Retype everything in the entries that follow, exactly as shown.

____________________

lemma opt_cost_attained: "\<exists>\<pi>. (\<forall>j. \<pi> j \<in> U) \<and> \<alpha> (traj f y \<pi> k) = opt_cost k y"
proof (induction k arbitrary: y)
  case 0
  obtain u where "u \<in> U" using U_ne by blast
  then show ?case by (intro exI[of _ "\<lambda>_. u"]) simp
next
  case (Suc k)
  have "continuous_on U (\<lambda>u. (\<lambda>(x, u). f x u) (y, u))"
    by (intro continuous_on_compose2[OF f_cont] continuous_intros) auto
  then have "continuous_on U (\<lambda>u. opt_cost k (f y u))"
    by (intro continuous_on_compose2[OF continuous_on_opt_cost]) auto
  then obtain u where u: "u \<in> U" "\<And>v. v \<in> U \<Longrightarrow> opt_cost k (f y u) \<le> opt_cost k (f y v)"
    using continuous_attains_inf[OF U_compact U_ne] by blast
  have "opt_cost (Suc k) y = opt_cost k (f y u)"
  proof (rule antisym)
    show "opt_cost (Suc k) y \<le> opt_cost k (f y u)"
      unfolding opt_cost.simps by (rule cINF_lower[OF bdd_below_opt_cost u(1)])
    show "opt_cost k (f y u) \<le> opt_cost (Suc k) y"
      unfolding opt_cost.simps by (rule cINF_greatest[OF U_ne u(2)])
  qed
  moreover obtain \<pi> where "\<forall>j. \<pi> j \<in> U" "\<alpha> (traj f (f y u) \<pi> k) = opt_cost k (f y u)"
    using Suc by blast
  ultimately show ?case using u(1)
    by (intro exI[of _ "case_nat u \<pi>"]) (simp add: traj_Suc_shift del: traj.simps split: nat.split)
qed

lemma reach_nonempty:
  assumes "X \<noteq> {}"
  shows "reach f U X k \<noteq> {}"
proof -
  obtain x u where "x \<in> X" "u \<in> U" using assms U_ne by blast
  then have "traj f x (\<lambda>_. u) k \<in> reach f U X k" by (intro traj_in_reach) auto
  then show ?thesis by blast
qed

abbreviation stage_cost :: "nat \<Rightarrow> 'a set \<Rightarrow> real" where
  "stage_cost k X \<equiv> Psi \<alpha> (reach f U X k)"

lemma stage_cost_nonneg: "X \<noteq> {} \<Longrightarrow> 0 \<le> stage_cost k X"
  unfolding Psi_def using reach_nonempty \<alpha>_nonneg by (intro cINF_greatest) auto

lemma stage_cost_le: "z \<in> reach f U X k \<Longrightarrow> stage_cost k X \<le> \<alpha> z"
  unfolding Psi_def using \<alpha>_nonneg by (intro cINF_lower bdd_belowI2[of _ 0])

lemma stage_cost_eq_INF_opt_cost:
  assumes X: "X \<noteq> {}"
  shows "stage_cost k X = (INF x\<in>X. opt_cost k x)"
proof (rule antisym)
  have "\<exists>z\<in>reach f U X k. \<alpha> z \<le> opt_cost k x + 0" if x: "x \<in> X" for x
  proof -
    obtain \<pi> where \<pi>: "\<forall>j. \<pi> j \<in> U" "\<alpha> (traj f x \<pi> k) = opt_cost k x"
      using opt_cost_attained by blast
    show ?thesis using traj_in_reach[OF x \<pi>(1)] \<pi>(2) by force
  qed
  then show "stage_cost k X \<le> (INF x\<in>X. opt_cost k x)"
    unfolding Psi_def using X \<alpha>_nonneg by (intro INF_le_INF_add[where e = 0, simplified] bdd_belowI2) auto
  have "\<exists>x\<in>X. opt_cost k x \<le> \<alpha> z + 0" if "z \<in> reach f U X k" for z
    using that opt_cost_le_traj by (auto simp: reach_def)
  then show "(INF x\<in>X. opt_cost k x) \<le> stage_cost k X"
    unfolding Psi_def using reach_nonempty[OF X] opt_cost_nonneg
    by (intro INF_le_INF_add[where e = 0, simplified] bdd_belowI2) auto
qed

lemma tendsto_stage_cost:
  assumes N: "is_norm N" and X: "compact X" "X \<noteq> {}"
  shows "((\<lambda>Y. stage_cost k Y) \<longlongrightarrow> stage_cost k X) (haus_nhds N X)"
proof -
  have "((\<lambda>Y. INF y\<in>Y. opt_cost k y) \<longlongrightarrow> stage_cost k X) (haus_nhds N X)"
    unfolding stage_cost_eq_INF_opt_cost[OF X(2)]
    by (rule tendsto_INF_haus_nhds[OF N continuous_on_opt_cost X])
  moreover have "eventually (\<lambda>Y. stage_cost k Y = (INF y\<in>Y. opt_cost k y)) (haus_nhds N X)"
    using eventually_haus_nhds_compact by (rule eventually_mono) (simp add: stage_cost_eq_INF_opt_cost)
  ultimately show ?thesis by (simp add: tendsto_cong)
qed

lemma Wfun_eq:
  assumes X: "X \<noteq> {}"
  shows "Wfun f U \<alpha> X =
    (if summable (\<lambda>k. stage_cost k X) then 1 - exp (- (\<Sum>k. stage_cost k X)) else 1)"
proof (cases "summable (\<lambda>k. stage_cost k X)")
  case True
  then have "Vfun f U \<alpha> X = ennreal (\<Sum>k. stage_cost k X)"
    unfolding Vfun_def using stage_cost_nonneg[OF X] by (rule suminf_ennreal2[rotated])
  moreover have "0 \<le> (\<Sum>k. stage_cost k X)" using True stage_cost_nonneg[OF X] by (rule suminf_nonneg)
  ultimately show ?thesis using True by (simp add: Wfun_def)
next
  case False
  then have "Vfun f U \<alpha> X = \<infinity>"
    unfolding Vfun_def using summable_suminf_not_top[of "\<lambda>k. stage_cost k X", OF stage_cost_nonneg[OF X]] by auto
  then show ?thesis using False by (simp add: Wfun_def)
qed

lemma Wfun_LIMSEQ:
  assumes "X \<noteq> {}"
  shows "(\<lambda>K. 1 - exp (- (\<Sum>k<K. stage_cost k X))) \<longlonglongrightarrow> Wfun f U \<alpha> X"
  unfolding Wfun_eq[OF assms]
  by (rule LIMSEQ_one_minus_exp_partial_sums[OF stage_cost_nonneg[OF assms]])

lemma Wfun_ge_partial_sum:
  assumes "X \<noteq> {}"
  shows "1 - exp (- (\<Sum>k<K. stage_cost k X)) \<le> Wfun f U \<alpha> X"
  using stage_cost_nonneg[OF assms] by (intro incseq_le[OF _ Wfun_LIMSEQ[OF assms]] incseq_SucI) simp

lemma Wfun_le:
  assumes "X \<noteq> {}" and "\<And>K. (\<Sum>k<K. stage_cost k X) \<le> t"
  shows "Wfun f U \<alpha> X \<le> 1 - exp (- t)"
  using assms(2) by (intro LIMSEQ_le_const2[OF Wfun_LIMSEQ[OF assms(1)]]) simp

____________________

**Solution to this task**
lemma opt_cost_attained: "\<exists>\<pi>. (\<forall>j. \<pi> j \<in> U) \<and> \<alpha> (traj f y \<pi> k) = opt_cost k y"
proof (induction k arbitrary: y)
  case 0
  obtain u where "u \<in> U" using U_ne by blast
  then show ?case by (intro exI[of _ "\<lambda>_. u"]) simp
next
  case (Suc k)
  have "continuous_on U (\<lambda>u. (\<lambda>(x, u). f x u) (y, u))"
    by (intro continuous_on_compose2[OF f_cont] continuous_intros) auto
  then have "continuous_on U (\<lambda>u. opt_cost k (f y u))"
    by (intro continuous_on_compose2[OF continuous_on_opt_cost]) auto
  then obtain u where u: "u \<in> U" "\<And>v. v \<in> U \<Longrightarrow> opt_cost k (f y u) \<le> opt_cost k (f y v)"
    using continuous_attains_inf[OF U_compact U_ne] by blast
  have "opt_cost (Suc k) y = opt_cost k (f y u)"
  proof (rule antisym)
    show "opt_cost (Suc k) y \<le> opt_cost k (f y u)"
      unfolding opt_cost.simps by (rule cINF_lower[OF bdd_below_opt_cost u(1)])
    show "opt_cost k (f y u) \<le> opt_cost (Suc k) y"
      unfolding opt_cost.simps by (rule cINF_greatest[OF U_ne u(2)])
  qed
  moreover obtain \<pi> where "\<forall>j. \<pi> j \<in> U" "\<alpha> (traj f (f y u) \<pi> k) = opt_cost k (f y u)"
    using Suc by blast
  ultimately show ?case using u(1)
    by (intro exI[of _ "case_nat u \<pi>"]) (simp add: traj_Suc_shift del: traj.simps split: nat.split)
qed

lemma reach_nonempty:
  assumes "X \<noteq> {}"
  shows "reach f U X k \<noteq> {}"
proof -
  obtain x u where "x \<in> X" "u \<in> U" using assms U_ne by blast
  then have "traj f x (\<lambda>_. u) k \<in> reach f U X k" by (intro traj_in_reach) auto
  then show ?thesis by blast
qed

abbreviation stage_cost :: "nat \<Rightarrow> 'a set \<Rightarrow> real" where
  "stage_cost k X \<equiv> Psi \<alpha> (reach f U X k)"

lemma stage_cost_nonneg: "X \<noteq> {} \<Longrightarrow> 0 \<le> stage_cost k X"
  unfolding Psi_def using reach_nonempty \<alpha>_nonneg by (intro cINF_greatest) auto

lemma stage_cost_le: "z \<in> reach f U X k \<Longrightarrow> stage_cost k X \<le> \<alpha> z"
  unfolding Psi_def using \<alpha>_nonneg by (intro cINF_lower bdd_belowI2[of _ 0])

lemma stage_cost_eq_INF_opt_cost:
  assumes X: "X \<noteq> {}"
  shows "stage_cost k X = (INF x\<in>X. opt_cost k x)"
proof (rule antisym)
  have "\<exists>z\<in>reach f U X k. \<alpha> z \<le> opt_cost k x + 0" if x: "x \<in> X" for x
  proof -
    obtain \<pi> where \<pi>: "\<forall>j. \<pi> j \<in> U" "\<alpha> (traj f x \<pi> k) = opt_cost k x"
      using opt_cost_attained by blast
    show ?thesis using traj_in_reach[OF x \<pi>(1)] \<pi>(2) by force
  qed
  then show "stage_cost k X \<le> (INF x\<in>X. opt_cost k x)"
    unfolding Psi_def using X \<alpha>_nonneg by (intro INF_le_INF_add[where e = 0, simplified] bdd_belowI2) auto
  have "\<exists>x\<in>X. opt_cost k x \<le> \<alpha> z + 0" if "z \<in> reach f U X k" for z
    using that opt_cost_le_traj by (auto simp: reach_def)
  then show "(INF x\<in>X. opt_cost k x) \<le> stage_cost k X"
    unfolding Psi_def using reach_nonempty[OF X] opt_cost_nonneg
    by (intro INF_le_INF_add[where e = 0, simplified] bdd_belowI2) auto
qed

lemma tendsto_stage_cost:
  assumes N: "is_norm N" and X: "compact X" "X \<noteq> {}"
  shows "((\<lambda>Y. stage_cost k Y) \<longlongrightarrow> stage_cost k X) (haus_nhds N X)"
proof -
  have "((\<lambda>Y. INF y\<in>Y. opt_cost k y) \<longlongrightarrow> stage_cost k X) (haus_nhds N X)"
    unfolding stage_cost_eq_INF_opt_cost[OF X(2)]
    by (rule tendsto_INF_haus_nhds[OF N continuous_on_opt_cost X])
  moreover have "eventually (\<lambda>Y. stage_cost k Y = (INF y\<in>Y. opt_cost k y)) (haus_nhds N X)"
    using eventually_haus_nhds_compact by (rule eventually_mono) (simp add: stage_cost_eq_INF_opt_cost)
  ultimately show ?thesis by (simp add: tendsto_cong)
qed

lemma Wfun_eq:
  assumes X: "X \<noteq> {}"
  shows "Wfun f U \<alpha> X =
    (if summable (\<lambda>k. stage_cost k X) then 1 - exp (- (\<Sum>k. stage_cost k X)) else 1)"
proof (cases "summable (\<lambda>k. stage_cost k X)")
  case True
  then have "Vfun f U \<alpha> X = ennreal (\<Sum>k. stage_cost k X)"
    unfolding Vfun_def using stage_cost_nonneg[OF X] by (rule suminf_ennreal2[rotated])
  moreover have "0 \<le> (\<Sum>k. stage_cost k X)" using True stage_cost_nonneg[OF X] by (rule suminf_nonneg)
  ultimately show ?thesis using True by (simp add: Wfun_def)
next
  case False
  then have "Vfun f U \<alpha> X = \<infinity>"
    unfolding Vfun_def using summable_suminf_not_top[of "\<lambda>k. stage_cost k X", OF stage_cost_nonneg[OF X]] by auto
  then show ?thesis using False by (simp add: Wfun_def)
qed

lemma Wfun_LIMSEQ:
  assumes "X \<noteq> {}"
  shows "(\<lambda>K. 1 - exp (- (\<Sum>k<K. stage_cost k X))) \<longlonglongrightarrow> Wfun f U \<alpha> X"
  unfolding Wfun_eq[OF assms]
  by (rule LIMSEQ_one_minus_exp_partial_sums[OF stage_cost_nonneg[OF assms]])

lemma Wfun_ge_partial_sum:
  assumes "X \<noteq> {}"
  shows "1 - exp (- (\<Sum>k<K. stage_cost k X)) \<le> Wfun f U \<alpha> X"
  using stage_cost_nonneg[OF assms] by (intro incseq_le[OF _ Wfun_LIMSEQ[OF assms]] incseq_SucI) simp

lemma Wfun_le:
  assumes "X \<noteq> {}" and "\<And>K. (\<Sum>k<K. stage_cost k X) \<le> t"
  shows "Wfun f U \<alpha> X \<le> 1 - exp (- t)"
  using assms(2) by (intro LIMSEQ_le_const2[OF Wfun_LIMSEQ[OF assms(1)]]) simp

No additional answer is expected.